Giovedì scorso, quando è definitivamente tramontata l’ipotesi Blair, le quotazioni di Miliband erano al massimo: è una stella nascente della politica britannica, giovane e dinamico, sarà ‘disoccupato’ dopo la vittoria quasi certa dei conservatori in primavera; ed è il ministro degli Esteri di uno dei grandi paesi dell’Ue, con una grande tradizione di politica estera che affonda le sue radici nell’Impero e nel continua a contare sulla rete internazionale del Commonwealth e sul rapporto privilegiato con gli Stati Uniti.
Venerdì tutto è cambiato: Miliband ha negato di essere candidato e di essere interessato al posto di Alto rappresentante. Non avrebbe potuto comunque dirsi disponibile, per non contraddire la linea del suo governo a favore di Blair. Ma non è l’unica ragione del suio ‘gran rifiuto’: Miliband ha l’ambizione di guidare il Labour dopo la prossima inevitabile sconfitta alle elezioni, e di rilanciarlo con la scommessa di vincere quelle successive, diventando primo ministro. E se lasciasse Londra per Bruxelles potrebbe scordarselo.
L’ambizione politica nazionale di Miliband è dunque la carta migliore a favore di D’Alema, in questa partita, insieme all’appoggio del Pse e all’apertura di Palazzo Chigi, senza la quale la sua candidatura non sarebbe stata possibile. Ma è necessario anche che la ‘disponibilità’ del governo italiano diventi un sostegno attivo nei confronti dei capi di governo del Ppe, che non sono tutti contenti di una scelta così connotata a sinistra.
Ancora più importanti, comunque, per il posto di Alto rappresentante, sono l’appoggio della Nato e il gradimento degli Stati Uniti.
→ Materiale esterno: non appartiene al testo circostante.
text \<open>For \<zeta> in the Lie algebra of H, left translation of g by exp (t \<zeta>) is right translation
  by exp (t Ad(g^-1) \<zeta>), so H-invariance makes the left-trivialised derivative of the
  Lagrangian vanish in the direction Ad(g^-1) \<zeta>; evaluated at \<zeta> this gives J1 = - J2 - J3 at
  every triangle. Pulling the DCEL equation at node (j, a) back by Ad^*((g j a)^-1), and using
  that tau (dt xi (j-1) a) is the increment (g (j-1) a)^-1 (g j a), turns it into the discrete
  conservation law (J2 j a - J2 (j-1) a) + (J3 j a - J3 j (a-1)) = 0. Summed over the interior
  nodes of the rectangle, a discrete Stokes theorem leaves exactly the boundary sum.\<close>

lemma sum_atLeast_Suc_diff_pred:
  fixes f :: "nat \<Rightarrow> 'a::ab_group_add"
  assumes "m \<le> n"
  shows "(\<Sum>i = Suc m..n. f i - f (i - 1)) = f n - f m"
proof (cases "m = n")
  case False
  then obtain k where n: "n = Suc k" and "m \<le> k"
    using assms by (cases n) auto
  have "(\<Sum>i = Suc m..Suc k. f i - f (i - 1)) = (\<Sum>i = m..k. f (Suc i) - f i)"
    by (simp only: sum.shift_bounds_cl_Suc_ivl diff_Suc_1)
  also have "\<dots> = f (Suc k) - f m"
    using \<open>m \<le> k\<close> by (simp add: sum_Suc_diff)
  finally show ?thesis
    unfolding n .
qed simp

lemma discrete_stokes_rectangle:
  fixes P Q :: "nat \<Rightarrow> nat \<Rightarrow> 'a::ab_group_add"
  assumes "K \<le> L" "B \<le> C"
  shows "(\<Sum>j = Suc K..L. \<Sum>a = Suc B..C. (P j a - P (j - 1) a) + (Q j a - Q j (a - 1)))
       = (\<Sum>a = Suc B..C. P L a - P K a) + (\<Sum>j = Suc K..L. Q j C - Q j B)"
proof -
  have "(\<Sum>j = Suc K..L. \<Sum>a = Suc B..C. P j a - P (j - 1) a)
      = (\<Sum>a = Suc B..C. \<Sum>j = Suc K..L. P j a - P (j - 1) a)"
    by (rule sum.swap)
  also have "\<dots> = (\<Sum>a = Suc B..C. P L a - P K a)"
    using assms(1) by (intro sum.cong refl sum_atLeast_Suc_diff_pred)
  finally have "(\<Sum>j = Suc K..L. \<Sum>a = Suc B..C. P j a - P (j - 1) a)
      = (\<Sum>a = Suc B..C. P L a - P K a)" .
  moreover have "(\<Sum>j = Suc K..L. \<Sum>a = Suc B..C. Q j a - Q j (a - 1))
      = (\<Sum>j = Suc K..L. Q j C - Q j B)"
    using assms(2) by (intro sum.cong refl sum_atLeast_Suc_diff_pred)
  ultimately show ?thesis
    by (simp only: sum.distrib)
qed

text \<open>The terms \<open>- P - Q\<close> stand for \<open>J1\<close>, \<open>P\<close> for \<open>J2\<close> and \<open>Q\<close> for \<open>J3\<close>.\<close>

lemma boundary_sum_eq_zero_if_divergence_free:
  fixes P Q :: "nat \<Rightarrow> nat \<Rightarrow> 'a::ab_group_add"
  assumes div_free: "\<And>j a. K < j \<Longrightarrow> j \<le> L \<Longrightarrow> B < a \<Longrightarrow> a \<le> C \<Longrightarrow>
                       (P j a - P (j - 1) a) + (Q j a - Q j (a - 1)) = 0"
    and "K \<le> L" "B \<le> C"
  shows "(\<Sum>j = Suc K..L. (- P j B - Q j B) + P (j - 1) B + Q j C)
       + (\<Sum>a = Suc B..C. (- P K a - Q K a) + P L a + Q K (a - 1))
       + (- P K B - Q K B) + P L B + Q K C = 0"
proof -
  have "(\<Sum>j = Suc K..L. \<Sum>a = Suc B..C. (P j a - P (j - 1) a) + (Q j a - Q j (a - 1))) = 0"
    by (intro sum.neutral ballI div_free) auto
  then have flux: "(\<Sum>a = Suc B..C. P L a - P K a) + (\<Sum>j = Suc K..L. Q j C - Q j B) = 0"
    using discrete_stokes_rectangle[OF assms(2,3), of P Q] by simp
  have "(\<Sum>j = Suc K..L. (- P j B - Q j B) + P (j - 1) B + Q j C)
      = (\<Sum>j = Suc K..L. Q j C - Q j B) - (\<Sum>j = Suc K..L. P j B - P (j - 1) B)"
    by (simp add: sum_subtractf[symmetric] algebra_simps)
  also have "\<dots> = (\<Sum>j = Suc K..L. Q j C - Q j B) - (P L B - P K B)"
    using sum_atLeast_Suc_diff_pred[OF assms(2), of "\<lambda>j. P j B"] by simp
  finally have horizontal: "(\<Sum>j = Suc K..L. (- P j B - Q j B) + P (j - 1) B + Q j C)
      = (\<Sum>j = Suc K..L. Q j C - Q j B) - (P L B - P K B)" .
  have "(\<Sum>a = Suc B..C. (- P K a - Q K a) + P L a + Q K (a - 1))
      = (\<Sum>a = Suc B..C. P L a - P K a) - (\<Sum>a = Suc B..C. Q K a - Q K (a - 1))"
    by (simp add: sum_subtractf[symmetric] algebra_simps)
  also have "\<dots> = (\<Sum>a = Suc B..C. P L a - P K a) - (Q K C - Q K B)"
    using sum_atLeast_Suc_diff_pred[OF assms(3), of "Q K"] by simp
  finally have vertical: "(\<Sum>a = Suc B..C. (- P K a - Q K a) + P L a + Q K (a - 1))
      = (\<Sum>a = Suc B..C. P L a - P K a) - (Q K C - Q K B)" .
  show ?thesis
    unfolding horizontal vertical using flux by (simp add: algebra_simps)
qed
Va sottolineato che uno compiti più importanti dell’Alto rappresentante sarà quello di gestire la nuova Politica estera di difesa comune (Pesd), che, quasi in sordina, si sta ormai affermando sul terreno anche più della stessa Pesc (spesso farraginosa e lenta a causa del principio di unanimità degli Stati membri). La Pesd ha ben 18 missioni militari di pace in corso nel mondo, e si appoggia, per attuarle, sulle strutture della Nato. Questa è una delle ragioni, fra l’altro, per cui non è mai decollata la candidatura del ministro degli Esteri svedese, Karl Bildt, vista la neutralità di Stoccolma.
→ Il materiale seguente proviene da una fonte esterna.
lemma lsc_sequentially:
  fixes f :: "'a::metric_space \<Rightarrow> ereal"
  assumes "lsc f" "y \<longlonglongrightarrow> p" "\<And>n. f (y n) \<le> ereal (b n)" "b \<longlonglongrightarrow> L"
  shows "f p \<le> ereal L"
proof (rule ccontr)
  assume "\<not> f p \<le> ereal L"
  then have "ereal L < f p"
    by simp
  from ereal_dense2[OF this] obtain c where c: "ereal L < ereal c" "ereal c < f p"
    by blast
  then have "ereal c < Liminf (at p) f"
    using assms(1) unfolding lsc_def by (meson less_le_trans)
  then have "eventually (\<lambda>x. ereal c < f x) (at p)"
    by (rule less_LiminfD)
  then have "eventually (\<lambda>x. ereal c < f x) (nhds p)"
    using c(2) unfolding eventually_at_filter by (auto elim: eventually_mono)
  then have "eventually (\<lambda>n. ereal c < f (y n)) sequentially"
    using assms(2) by (rule eventually_compose_filterlim)
  moreover have "eventually (\<lambda>n. b n < c) sequentially"
    using assms(4) c(1) by (simp add: order_tendstoD)
  ultimately have "eventually (\<lambda>n. False) sequentially"
  proof eventually_elim
    case (elim n)
    then have "ereal c < ereal (b n)"
      using assms(3)[of n] by order
    then show False
      using elim by simp
  qed
  then show False by simp
qed

lemma lsc_add_continuous:
  fixes f :: "'a::topological_space \<Rightarrow> ereal"
  assumes "lsc f" "continuous_on UNIV q"
  shows "lsc (\<lambda>y. f y + ereal (q y))"
  unfolding lsc_def le_Liminf_iff
proof (intro allI impI)
  fix x and c :: ereal
  assume "c < f x + ereal (q x)"
  from ereal_dense2[OF this] obtain s where s: "c < ereal s" "ereal s < f x + ereal (q x)"
    by blast
  from ereal_dense2[OF s(1)] obtain r where r: "c < ereal r" "r < s"
    by auto
  from s(2) have "ereal (s - q x) < f x"
    by (cases "f x") auto
  then have "ereal (s - q x) < Liminf (at x) f"
    using assms(1) unfolding lsc_def by (meson less_le_trans)
  then have "eventually (\<lambda>y. ereal (s - q x) < f y) (at x)"
    by (rule less_LiminfD)
  moreover have "(q \<longlongrightarrow> q x) (at x)"
    using assms(2) by (simp add: continuous_on_def)
  then have "eventually (\<lambda>y. q x - (s - r) < q y) (at x)"
    using r(2) by (simp add: order_tendstoD)
  ultimately show "eventually (\<lambda>y. c < f y + ereal (q y)) (at x)"
  proof eventually_elim
    case (elim y)
    then have "ereal r < f y + ereal (q y)"
      by (cases "f y") auto
    then show ?case
      using r(1) by order
  qed
qed

lemma proper_fun_add_real:
  assumes "proper_fun f"
  shows "proper_fun (\<lambda>z. f z + ereal (q z))"
  using assms unfolding proper_fun_def
  by (metis ereal_plus_eq_MInfty ereal_plus_eq_PInfty MInfty_neq_ereal(1) PInfty_neq_ereal(1))

lemma hypoconvexD_finite:
  assumes "hypoconvex \<rho> g" "g a = ereal ga" "g b = ereal gb" "0 < t" "t < 1"
  shows "g ((1 - t) *\<^sub>R a + t *\<^sub>R b)
    \<le> ereal ((1 - t) * ga + t * gb + \<rho> / 2 * t * (1 - t) * (norm (a - b))\<^sup>2)"
  using assms unfolding hypoconvex_def by (metis plus_ereal.simps(1) times_ereal.simps(1))
lemma is_mor_Lan_transpose:
  assumes M: "is_rep XQ grid_le M" and N: "is_rep XP grid_le N" and f: "is_mor XQ grid_le M (Res.obj N) f"
  shows "is_mor XP grid_le (Lan.obj M) N (Lan_transpose N f)"
proof (rule is_morI[OF Lan.is_rep_obj[OF M] N])
  fix p
  show "p \<notin> XP \<Longrightarrow> Lan_transpose N f p = 0\<^sub>m (fst N p) (fst (Lan.obj M) p)"
    using floor_dom_subset by (auto simp: Lan_transpose_def fst_res_obj)
  show "Lan_transpose N f p \<in> carrier_mat (fst N p) (fst (Lan.obj M) p)"
    by (rule Lan_transpose_carrier[OF N f])
  fix q assume pq: "p \<in> XP" "q \<in> XP" "grid_le p q"
  show "Lan_transpose N f q * snd (Lan.obj M) p q = snd N p q * Lan_transpose N f p"
  proof (cases "p \<in> floor_dom")
    case True
    then show ?thesis by (rule Lan_transpose_natural[OF M N f _ pq(2,3)])
  next
    case False
    then show ?thesis
      by (intro mult_zero_cols_eq[OF Lan_transpose_carrier[OF N f] _ is_rep_carrier[OF N]])
        (use is_rep_carrier[OF Lan.is_rep_obj[OF M], of p q] Lan_transpose_carrier[OF N f, of p] in
          \<open>simp_all add: fst_res_obj\<close>)
  qed
qed

lemma Lan_transpose_Res_mor:
  assumes M: "is_rep XQ grid_le M" and g: "is_mor XP grid_le (Lan.obj M) N g"
  shows "Lan_transpose N (Res.mor g) = g"
proof
  fix p
  have c: "g p \<in> carrier_mat (fst N p) (fst (Lan.obj M) p)" by (rule is_mor_carrier[OF g])
  show "Lan_transpose N (Res.mor g) p = g p"
  proof (cases "p \<in> floor_dom")
    case True
    have fp: "grid_floor p \<in> XQ" using grid_floor_in_XQ[OF True] .
    have "g p * snd (Lan.obj M) (incl_floor p) p = snd N (incl_floor p) p * g (incl_floor p)"
      using is_morD(4)[OF g incl_in_XP[OF fp] _ incl_grid_floor_le[OF True]] True floor_dom_subset by blast
    then show ?thesis
      using True fp c snd_Lan_obj_incl_floor[OF M True] by (simp add: Lan_transpose_def res_mor_apply fst_res_obj)
  next
    case False
    then show ?thesis using c by (intro carrier_mat_degenerate_eq[of _ "fst N p" 0]) (auto simp: Lan_transpose_def fst_res_obj)
  qed
qed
Da questo punto di vista, D’Alema è in una botte di ferro: nessun problema con l’America di Obama, e mai nessuno screzio con la Nato né da premier, né da ministro degli Esteri. Basti ricordare che fu lui a dare il via libera dell’Italia per l’attacco della Nato alla Serbia, nella guerra del Kosovo, e che a lui si deve, in gran parte, la missione Unifil in Libano, che ancora oggi garantisce la pace fra Israele e Libano e la sicurezza sulla frontiera fra i due paesi.